U-M professors Satinder Singh Baveja and John Laird received awards recognizing their contributions to the fields of artificial intelligence and cognitive science to be presented at conferences in August.

Read more about their awards below.

 

Satinder Singh Baveja
2019 Classic Paper Award

A paper co-authored by Toyota Professor of Artificial Intelligence Satinder Singh Baveja has been recognized for its lasting impact on the field of reinforcement learning. First published in 1999, “Between MDPs and semi-MDPs: A framework for temporal abstraction in reinforcement learning” has been selected for the 2019 Classic Paper Award by the Artificial Intelligence Journal. The award will be conferred at the International Joint Conference on Artificial Intelligence in August.

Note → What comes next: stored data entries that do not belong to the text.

lemma bij_betw_idealL_PiE:
  assumes T: "T \<in> Lset n d"
  shows "bij_betw (\<lambda>S. \<lambda>X\<in>T. supersets_in S X) (idealL n d T) (PiE T (\<lambda>X. idealL n d {X}))"
proof (rule bij_betwI[where g = "\<lambda>g. \<Union>X\<in>T. g X"])
  let ?V = "{1..n}"
  have V: "finite ?V" and T': "T \<in> Lset_on ?V d"
    using T by (simp_all add: Lset_eq_Lset_on)
  have factor: "idealL n d {X} = {S \<in> Lset_on ?V d. \<forall>a\<in>S. X \<subseteq> a}" if "X \<in> T" for X
    using idealL_singleton_eq Lset_member[OF T that] by blast
  have factor_mem: "g X \<in> Lset_on ?V d \<and> (\<forall>a\<in>g X. X \<subseteq> a)"
    if "g \<in> PiE T (\<lambda>X. idealL n d {X})" "X \<in> T" for g X
    using PiE_mem[OF that] factor[OF that(2)] by simp
  show "(\<lambda>S. \<lambda>X\<in>T. supersets_in S X) \<in> idealL n d T \<rightarrow> PiE T (\<lambda>X. idealL n d {X})"
    using Lset_on_mono by (auto simp: idealL_eq[OF T] factor supersets_in_def)
  show "(\<lambda>g. \<Union>X\<in>T. g X) \<in> PiE T (\<lambda>X. idealL n d {X}) \<rightarrow> idealL n d T"
  proof
    fix g
    assume "g \<in> PiE T (\<lambda>X. idealL n d {X})"
    then have g: "\<And>X. X \<in> T \<Longrightarrow> g X \<in> Lset_on ?V d" "\<And>X a. X \<in> T \<Longrightarrow> a \<in> g X \<Longrightarrow> X \<subseteq> a"
      using factor_mem by blast+
    have "(\<Union>X\<in>T. g X) \<in> Lset_on ?V d"
      using V T' g by (rule UN_in_Lset_on)
    moreover have "covered_by (\<Union>X\<in>T. g X) T"
      unfolding covered_by_def using g(2) by blast
    ultimately show "(\<Union>X\<in>T. g X) \<in> idealL n d T"
      by (simp add: idealL_eq[OF T])
  qed
  show "(\<Union>X\<in>T. (\<lambda>X\<in>T. supersets_in S X) X) = S" if "S \<in> idealL n d T" for S
    using that UN_supersets_in_eq[of S T] by (simp add: idealL_eq[OF T])
  show "(\<lambda>X\<in>T. supersets_in (\<Union>X\<in>T. g X) X) = g" if g: "g \<in> PiE T (\<lambda>X. idealL n d {X})" for g
  proof -
    have "(\<lambda>X\<in>T. supersets_in (\<Union>X\<in>T. g X) X) = (\<lambda>X\<in>T. g X)"
    proof (rule restrict_ext)
      fix X
      assume "X \<in> T"
      then show "supersets_in (\<Union>X\<in>T. g X) X = g X"
        using factor_mem[OF g] by (intro supersets_in_UN[OF V T']) auto
    qed
    then show ?thesis
      using PiE_restrict[OF g] by simp
  qed
qed
(* If $p\in\mathbb{C}[\lambda]$, $m,k\in\mathcal{A}$, and $u,v\in\mathcal{A}\bar\otimes\mathcal{A}^{\mathrm{op}}$, then \[ \tau(\partial p(m)\#k)=\tau(p'(m)\,k)\quad\text{and}\quad\tau(\Delta_{u,v}p(m))=(\tau\bar\otimes\tau^{\mathrm{op}})\big(v^{\mathrm{flip}}\,\partial p'(m)\,u\big). \]
   Context: $(\mathcal{A},\tau)$ is a von Neumann algebra with faithful normal tracial state $\tau$; $\mathcal{A}^{\mathrm{op}}$ its opposite algebra; $\mathcal{A}\bar\otimes\mathcal{A}^{\mathrm{op}}$ the von Neumann tensor product with trace $\tau\bar\otimes\tau^{\mathrm{op}}$ (products taken there); $(a\otimes b)^{\mathrm{flip}}=b\otimes a$ extended $\sigma$-weakly continuously; $(a\otimes b)\#c=acb$ extended linearly. For $g(\lambda)=\sum_ic_i\lambda^i$, $\partial g(m)=\sum_ic_i\sum_{\delta_1+\delta_2=i-1}m^{\delta_1}\otimes m^{\delta_2}$, and $\Delta_{u,v}g(m)$ is the unique element of $\mathcal{A}$ such that for all $a\in\mathcal{A}$ \[ \tau(a\,\Delta_{u,v}g(m))=\sum_ic_i\sum_{\delta_1+\delta_2+\delta_3=i-2}(\tau\bar\otimes\tau^{\mathrm{op}})\big((a\otimes1)(m\otimes1)^{\delta_1}(uv^{\mathrm{flip}}+vu^{\mathrm{flip}})(1\otimes m)^{\delta_2}(m\otimes1)^{\delta_3}\big). \] *)

theory Defs
  imports "HOL-Analysis.Analysis" "HOL-Computational_Algebra.Polynomial"
begin

text \<open>The algebra A is a type 'a with ring
operations, a complex scalar multiplication sA and an involution st.  The von Neumann
tensor product A (tensor) A^op is a type 'b (topologised by its sigma-weak topology)
with scalar multiplication sB, the elementary tensor map ten, the trace tau2 and the map flip.\<close>

definition complex_alg :: "(complex \<Rightarrow> 'a::ring_1 \<Rightarrow> 'a) \<Rightarrow> bool" where
  "complex_alg sc \<longleftrightarrow>
     (\<forall>c d x. sc c (sc d x) = sc (c * d) x) \<and> (\<forall>x. sc 1 x = x) \<and>
     (\<forall>c d x. sc (c + d) x = sc c x + sc d x) \<and>
     (\<forall>c x y. sc c (x + y) = sc c x + sc c y) \<and>
     (\<forall>c x y. sc c (x * y) = sc c x * y) \<and>
     (\<forall>c x y. sc c (x * y) = x * sc c y)"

Read the full U-M article:
Paper Recognized for Lasting Contributions to AI Decision Making

 

John Laird
Herbert A. Simon Prize for Advances in Cognitive Systems

John Laird, the John L. Tishman Professor of Engineering, was awarded the 2018 Herbert A. Simon Prize for Advances in Cognitive Systems along with his collaborator Prof. Paul Rosenbloom of the University of Southern California. Professors Laird and Rosenbloom were invited to give their prize address at the Seventh Annual Conference on Advances in Cognitive Systems, which took place August 2-5, 2019, at MIT.

The award recognizes the pair’s research on cognitive architectures, especially their Soar project, their applications to knowledge-based systems and models of human cognition, and their contributions to theories of representation, reasoning, problem solving, and learning.

According to the awarding committee, the recipients have been “energetic contributors to AI and cognitive science” for over 30 years. Laird’s and Rosenbloom’s interdisciplinary and integrative research, both jointly and individually, has addressed many facets of high-level cognition, and their contributions to Soar have helped create one of the industry’s most successful tools for developing intelligent systems.